The past year was dominated by Cable Bahamas’ $114 million preference share issue, which helped to finance its four Florida acquisitions. The other major issue was the first $75 million BGS tranche.

While these two issues dominated the headlines, much more capital will likely have been raised, as numerous private placement involving smaller sums take place every year.

Mr Anderson said the greater capital markets activity would be “driven” by the expected increase in Bahamian economic growth, stemming from the $3.5 billion Baha Mar project’s Spring 2015 opening and the hiring of 4,000-5,000 employees.

“It’s linked to the growth we see coming back into the economy, whether it’s associated with Baha Mar and the employment of a number of people, or businesses forming associated with Baha Mar,” he explained.

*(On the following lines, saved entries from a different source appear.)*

lemma (in finite_measure) sigma_finite_subalgebra_vimage:
  assumes "Y \<in> measurable M N"
  shows "sigma_finite_subalgebra M (vimage_algebra (space M) Y N)"
proof -
  have "subalgebra M (vimage_algebra (space M) Y N)"
    unfolding subalgebra_def using sets_image_in_sets[OF refl assms] by simp
  then show ?thesis
    by (intro finite_measure_subalgebra_is_sigma_finite)
       (simp add: finite_measure_subalgebra_def finite_measure_subalgebra_axioms_def finite_measure_axioms)
qed

context sigma_finite_subalgebra
begin

(* Pulling out an F-measurable indicator, with no integrability assumption on Z;
   it is read off from the corresponding fact for the nonnegative parts. *)
lemma real_cond_exp_indicator_mult:
  fixes Z :: "'a \<Rightarrow> real"
  assumes [measurable]: "Z \<in> borel_measurable M" and A[measurable]: "A \<in> sets F"
  shows "AE x in M. real_cond_exp M F (\<lambda>x. indicator A x * Z x) x = indicator A x * real_cond_exp M F Z x"
proof -
  have [measurable]: "(indicator A :: 'a \<Rightarrow> ennreal) \<in> borel_measurable F" by measurable
  have pos: "(\<lambda>x. ennreal (indicator A x * Z x)) = (\<lambda>x. indicator A x * ennreal (Z x))"
    and neg: "(\<lambda>x. ennreal (- (indicator A x * Z x))) = (\<lambda>x. indicator A x * ennreal (- Z x))"
    by (auto simp: indicator_def)
  have "AE x in M. indicator A x * nn_cond_exp M F (\<lambda>x. ennreal (Z x)) x
      = nn_cond_exp M F (\<lambda>x. indicator A x * ennreal (Z x)) x"
   and "AE x in M. indicator A x * nn_cond_exp M F (\<lambda>x. ennreal (- Z x)) x
      = nn_cond_exp M F (\<lambda>x. indicator A x * ennreal (- Z x)) x"
    by (rule nn_cond_exp_prod; simp)+
  then show ?thesis
    unfolding real_cond_exp_def pos neg
    by eventually_elim (auto simp: indicator_def)
qed

(* On each truncation set {|W| <= k}, which lies in F, both
   summands are integrable and the usual linearity applies. *)
lemma real_cond_exp_add_F_meas:
  fixes Z W V :: "'a \<Rightarrow> real"
  assumes fin: "finite_measure M"
    and [measurable]: "Z \<in> borel_measurable M" "W \<in> borel_measurable F"
    and V: "integrable M V"
    and ZWV: "\<And>x. x \<in> space M \<Longrightarrow> Z x = W x + V x"
  shows "AE x in M. real_cond_exp M F Z x = W x + real_cond_exp M F V x"
proof -
  have [measurable]: "W \<in> borel_measurable M"
    using measurable_from_subalg[OF subalg] assms(3) by blast
  have [measurable]: "V \<in> borel_measurable M"
    using V by auto
  define A where "A k = {x \<in> space M. \<bar>W x\<bar> \<le> real k}" for k :: nat
  have A_F[measurable]: "A k \<in> sets F" for k
  proof -
    have "{x \<in> space F. \<bar>W x\<bar> \<le> real k} \<in> sets F" by measurable
    moreover have "space F = space M" using subalg by (simp add: subalgebra_def)
    ultimately show ?thesis by (simp add: A_def)
  qed
  have A_M[measurable]: "A k \<in> sets M" for k
    using A_F subalg by (auto simp: subalgebra_def)
  have truncated: "AE x in M. indicator (A k) x * real_cond_exp M F Z x
      = indicator (A k) x * W x + indicator (A k) x * real_cond_exp M F V x" for k
  proof -
    have iW: "integrable M (\<lambda>x. indicator (A k) x * W x)"
      by (rule finite_measure.integrable_const_bound[OF fin, where B="real k"])
         (auto simp: indicator_def A_def)
    have iV: "integrable M (\<lambda>x. indicator (A k) x * V x)"
      using integrable_real_mult_indicator[OF A_M V] by (simp add: mult.commute)
    have "AE x in M. real_cond_exp M F (\<lambda>x. indicator (A k) x * Z x) x = indicator (A k) x * real_cond_exp M F Z x"
      by (rule real_cond_exp_indicator_mult) auto
    moreover have "AE x in M. real_cond_exp M F (\<lambda>x. indicator (A k) x * Z x) x
        = real_cond_exp M F (\<lambda>x. indicator (A k) x * W x + indicator (A k) x * V x) x"
      by (rule real_cond_exp_cong) (auto simp: ZWV algebra_simps)
    moreover have "AE x in M. real_cond_exp M F (\<lambda>x. indicator (A k) x * W x + indicator (A k) x * V x) x
        = real_cond_exp M F (\<lambda>x. indicator (A k) x * W x) x + real_cond_exp M F (\<lambda>x. indicator (A k) x * V x) x"
      by (rule real_cond_exp_add[OF iW iV])
    moreover have "AE x in M. real_cond_exp M F (\<lambda>x. indicator (A k) x * W x) x = indicator (A k) x * W x"
      by (rule real_cond_exp_F_meas[OF iW]) measurable
    moreover have "AE x in M. real_cond_exp M F (\<lambda>x. indicator (A k) x * V x) x = indicator (A k) x * real_cond_exp M F V x"
      by (rule real_cond_exp_indicator_mult) auto
    ultimately show ?thesis by eventually_elim simp
  qed
  have "AE x in M. \<forall>k. indicator (A k) x * real_cond_exp M F Z x
      = indicator (A k) x * W x + indicator (A k) x * real_cond_exp M F V x"
    using truncated by (simp add: AE_all_countable)
  then show ?thesis using AE_space
  proof eventually_elim
    case (elim x)
    obtain k :: nat where "\<bar>W x\<bar> \<le> real k" using real_arch_simple by blast
    then have "x \<in> A k" using elim(2) by (simp add: A_def)
    then show ?case using elim(1)[rule_format, of k] by simp
  qed
qed

lemma real_cond_exp_abs_power_integral_le:
  assumes V: "integrable M V" and Vn: "integrable M (\<lambda>x. \<bar>V x\<bar> ^ n)"
  shows "integrable M (\<lambda>x. \<bar>real_cond_exp M F V x\<bar> ^ n)"
    and "(\<integral>x. \<bar>real_cond_exp M F V x\<bar> ^ n \<partial>M) \<le> (\<integral>x. \<bar>V x\<bar> ^ n \<partial>M)"
proof -
  show int: "integrable M (\<lambda>x. \<bar>real_cond_exp M F V x\<bar> ^ n)"
    using integrable_convex_cond_exp[of V UNIV, OF V _ _ Vn convex_on_abs_power] by auto
  have "AE x in M. \<bar>real_cond_exp M F V x\<bar> ^ n \<le> real_cond_exp M F (\<lambda>x. \<bar>V x\<bar> ^ n) x"
    using real_cond_exp_jensens_inequality(2)[of V UNIV, OF V _ _ Vn convex_on_abs_power] by auto
  then have "(\<integral>x. \<bar>real_cond_exp M F V x\<bar> ^ n \<partial>M) \<le> (\<integral>x. real_cond_exp M F (\<lambda>x. \<bar>V x\<bar> ^ n) x \<partial>M)"
    using real_cond_exp_int(1)[OF Vn] by (intro integral_mono_AE[OF int])
  also have "\<dots> = (\<integral>x. \<bar>V x\<bar> ^ n \<partial>M)"
    by (rule real_cond_exp_int(2)[OF Vn])
  finally show "(\<integral>x. \<bar>real_cond_exp M F V x\<bar> ^ n \<partial>M) \<le> (\<integral>x. \<bar>V x\<bar> ^ n \<partial>M)" .
qed
(* Let $\omega\in\mathbb{R}^d$ be rationally independent, let $U:\mathbb{T}^d\to Gl(n,\mathbb{C})$ be continuous and let $B\in\mathcal{M}(n,\mathbb{C})$ be in Jordan normal form with $\partial_\omega U=BU-U\bar B$. Then every $x\in\sigma(B)$ is linked to some $y\in\sigma(B)$. Moreover, for every $\alpha\in\sigma(B)$, if the chain-linked equivalence class $[\alpha]\subseteq\sigma(B)$ contains no loop of odd length, then there is a partition $[\alpha]=\Sigma_1\cup\Sigma_2$ such that every element of $\Sigma_1$ is linked to every element of $\Sigma_2$, and the sum of the algebraic multiplicities of the eigenvalues in $\Sigma_1$ equals the sum of the algebraic multiplicities of the eigenvalues in $\Sigma_2$.
   Context: $\mathbb{T}^d=\mathbb{R}^d/\mathbb{Z}^d$; rationally independent: $\langle k,\omega\rangle\ne0$ for $k\in\mathbb{Z}^d\setminus\{0\}$. $\partial_\omega U(\theta)=\frac{d}{dt}U(\theta+t\omega)|_{t=0}$; $\bar B$ entrywise conjugate. Let $\mathcal{M}=\{2i\pi\langle k,\omega\rangle:k\in\mathbb{Z}^d\}$. Two complex numbers $\alpha,\beta$ are linked if $\alpha-\bar\beta\in\mathcal{M}$. A chain of length $k-1$ is a sequence $\alpha_{i_1},\dots,\alpha_{i_k}$ with $\alpha_{i_j}$ linked to $\alpha_{i_{j+1}}$ for all $j$; it is a loop of length $k-1$ if moreover $k\ge2$ and $\alpha_{i_k}=\alpha_{i_1}$. Two numbers are chain-linked if there is a chain between them; on $\sigma(B)$ (given the first conclusion) this is an equivalence relation, and $[\alpha]$ denotes the class of $\alpha$. *)

theory Defs
  imports "HOL-Analysis.Analysis" "Jordan_Normal_Form.Jordan_Normal_Form"
begin

text \<open>Points of \<real>^d are functions 'd \<Rightarrow> real on a finite index type 'd (product topology);
  functions on the torus T^d are Z^d-periodic functions on \<real>^d.\<close>

definition rat_indep :: "('d::finite \<Rightarrow> real) \<Rightarrow> bool" where
  "rat_indep \<omega> \<longleftrightarrow> (\<forall>k::'d \<Rightarrow> int. k \<noteq> (\<lambda>_. 0) \<longrightarrow> (\<Sum>i\<in>UNIV. of_int (k i) * \<omega> i) \<noteq> 0)"

definition Mset :: "('d::finite \<Rightarrow> real) \<Rightarrow> complex set" where
  "Mset \<omega> = {2 * \<i> * complex_of_real pi * complex_of_real (\<Sum>i\<in>UNIV. of_int (k i) * \<omega> i) | k :: 'd \<Rightarrow> int. True}"

definition linked :: "('d::finite \<Rightarrow> real) \<Rightarrow> complex \<Rightarrow> complex \<Rightarrow> bool" where
  "linked \<omega> a b \<longleftrightarrow> a - cnj b \<in> Mset \<omega>"

text \<open>A chain of length (length xs - 1): consecutive entries are linked.\<close>
definition is_chain :: "('d::finite \<Rightarrow> real) \<Rightarrow> complex list \<Rightarrow> bool" where
  "is_chain \<omega> xs \<longleftrightarrow> xs \<noteq> [] \<and> (\<forall>j. Suc j < length xs \<longrightarrow> linked \<omega> (xs ! j) (xs ! Suc j))"

definition is_loop :: "('d::finite \<Rightarrow> real) \<Rightarrow> complex list \<Rightarrow> bool" where
  "is_loop \<omega> xs \<longleftrightarrow> is_chain \<omega> xs \<and> length xs \<ge> 2 \<and> last xs = hd xs"

definition chain_linked :: "('d::finite \<Rightarrow> real) \<Rightarrow> complex set \<Rightarrow> complex \<Rightarrow> complex \<Rightarrow> bool" where
  "chain_linked \<omega> S a b \<longleftrightarrow> (\<exists>xs. is_chain \<omega> xs \<and> set xs \<subseteq> S \<and> hd xs = a \<and> last xs = b)"

definition spectrum :: "complex mat \<Rightarrow> complex set" where
  "spectrum B = {a. eigenvalue B a}"

definition alg_mult :: "complex mat \<Rightarrow> complex \<Rightarrow> nat" where
  "alg_mult B a = order a (char_poly B)"

definition chain_class :: "('d::finite \<Rightarrow> real) \<Rightarrow> complex mat \<Rightarrow> complex \<Rightarrow> complex set" where
  "chain_class \<omega> B a = {b \<in> spectrum B. chain_linked \<omega> (spectrum B) a b}"
theorem theorem2p1:
  fixes q :: int and n m :: nat and s :: "nat \<Rightarrow> int"
  assumes "q > 1" and "n > 1"
    and "special_orientable_seq q n m s"
  shows "(odd q \<and> odd n \<longrightarrow>
            2 * int m \<le> q ^ n - q ^ ((n + 1) div 2) - q ^ ((n - 1) div 2) + 1)
       \<and> (odd q \<and> even n \<longrightarrow>
            2 * int m \<le> q ^ n - 2 * q ^ (n div 2) + 1)
       \<and> (even q \<and> odd n \<longrightarrow>
            2 * int m \<le> q ^ n - q ^ ((n + 1) div 2) - 2 * q ^ ((n - 1) div 2)
                          + 2 ^ ((n + 3) div 2) - 2 ^ ((n + 1) div 2))
       \<and> (even q \<and> even n \<longrightarrow>
            2 * int m \<le> q ^ n - 2 * q ^ (n div 2) + 2 ^ ((n + 2) div 2) - 2 ^ (n div 2))"
proof -
  note bound = special_orientable_seq_period_bound[OF assms(3) refl]
  show ?thesis
  proof (cases "even n")
    case True
    then obtain k where "n = 2 * k"
      by blast
    then have "n div 2 = k" "(n + 1) div 2 = k" "n mod 2 = 0" "(n + 2) div 2 = Suc k"
      by simp_all
    with bound True show ?thesis
      by (cases "even q") simp_all
  next
    case False
    then obtain k where "n = 2 * k + 1"
      using oddE by blast
    then have "n div 2 = k" "(n + 1) div 2 = Suc k" "(n - 1) div 2 = k" "n mod 2 = 1"
        "(n + 3) div 2 = Suc (Suc k)"
      by simp_all
    with bound False show ?thesis
      by (cases "even q") (simp_all add: algebra_simps)
  qed
qed

end
lemma sh_psi_sh:
  "1 \<le> i \<Longrightarrow> i \<le> n \<Longrightarrow> sh (psi_sh d e gm cp n j z) i \<alpha> =
    (if i < j then psi d gm cp (n - 1) (j - 1) (sh z i \<alpha>)
     else if i = j then (if \<alpha> then cp (n - 1) j (sh z (Suc j) False) (sh z j True)
                         else cp (n - 1) j (sh z j False) (sh z (Suc j) True))
     else if i = Suc j then e (n - 2) j (d (n - 1) j \<alpha> (sh z (Suc j) \<alpha>))
     else psi d gm cp (n - 1) j (sh z i \<alpha>))"
  unfolding psi_sh_def Let_def by (subst sh_map_upt) auto

definition Phi_word :: "nat \<Rightarrow> nat list" where
  "Phi_word n = concat (map (\<lambda>r. [1..<r]) (rev [1..<Suc n]))"

lemma Phi_gen_eq_fold: "Phi_gen f n = fold f (Phi_word n)"
proof -
  have "fold (Psi_gen f) rs = fold f (concat (map (\<lambda>r. [1..<r]) rs))" for rs
    by (induction rs) (simp_all add: Psi_gen_def del: upt_Suc)
  then show ?thesis unfolding Phi_gen_def Phi_word_def .
qed

lemma set_Phi_word: "set (Phi_word (Suc m)) \<subseteq> {1..m}"
  by (auto simp: Phi_word_def simp del: upt_Suc)

context cubical_conn
begin

lemma d_closed_Suc: "x \<in> G (Suc m) \<Longrightarrow> 1 \<le> i \<Longrightarrow> i \<le> Suc m \<Longrightarrow> d (Suc m) i \<alpha> x \<in> G m"
  using d_closed[of x "Suc m" i \<alpha>] by simp

lemma dg_opp1_minus:
  "x \<in> G m \<Longrightarrow> 1 \<le> j \<Longrightarrow> j \<le> m \<Longrightarrow> d (Suc m) j False (gm m j True x) = e (m - 1) j (d m j False x)"
  using dg_opp1[of x m j False] by simp

lemma dg_opp1_plus:
  "x \<in> G m \<Longrightarrow> 1 \<le> j \<Longrightarrow> j \<le> m \<Longrightarrow> d (Suc m) j True (gm m j False x) = e (m - 1) j (d m j True x)"
  using dg_opp1[of x m j True] by simp

lemma dg_opp2_minus:
  "x \<in> G m \<Longrightarrow> 1 \<le> j \<Longrightarrow> j \<le> m \<Longrightarrow> d (Suc m) (Suc j) False (gm m j True x) = e (m - 1) j (d m j False x)"
  using dg_opp2[of x m j False] by simp

lemma dg_opp2_plus:
  "x \<in> G m \<Longrightarrow> 1 \<le> j \<Longrightarrow> j \<le> m \<Longrightarrow> d (Suc m) (Suc j) True (gm m j False x) = e (m - 1) j (d m j True x)"
  using dg_opp2[of x m j True] by simp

“I generally expect to see another growth period for the Bahamas with some of the new developments, including the British Colonial Hilton.

“We seem to be going into a new period of growth for the economy that will foster capital raisings in 2015 and 2016 onwards.”

These assertions are supported by the International Monetary Fund (IMF) and credit rating agencies, Moody’s and Standard & Poor’s (S&P), which are all projecting the Bahamas will enjoy GDP growth of 2 per cent or higher in 2015, Value-Added Tax (VAT) notwithstanding.

The improvement is forecast after three years when the Bahamas’ growth rate has sometimes struggled to break 1 per cent, getting no higher than 1.3 per cent.

Mr Anderson, though, expressed a desire for more equity issues, via initial public offerings (IPOs), to come to market and give Bahamian investors an opportunity to buy into growing companies at the start.

Many BISX-listed stocks were close to being “fully priced” in terms of their earnings growth, he explained, leaving investors with relatively little upside potential.

And most Bahamian capital raisings typically involve debt securities, such as bonds and preference shares, rather than equities that can potentially yield the highest rates of return.

“It would be very good to start to see more equity offerings come back to the market,” Mr Anderson told Tribune Business. “People are looking for equities, but there are very little out there.

“Even though we think growth in the economy will push earnings and prices higher, it would be nice to see more equities, as they give people an opportunity to buy into companies that are not fully priced.”

The RoyalFidelity chief added that the prevailing low interest rate environment, which is expected to persist for several years yet, would further drive Bahamian investors towards the higher rates of return on offer in the capital markets.

“Traditionally, Bahamians have used banks and bank deposits as investment vehicles, and with interest rates and deposit rates dropping to historically low levels, people need to find alternative investments,” Mr Anderson said.

“It’s a good time for people needing to raise their returns to come to market, and invest in higher yielding securities that they may not have done before.

“People can’t afford not to get a certain rate of return in a way. I see more people moving out of the banks to get the returns they need.”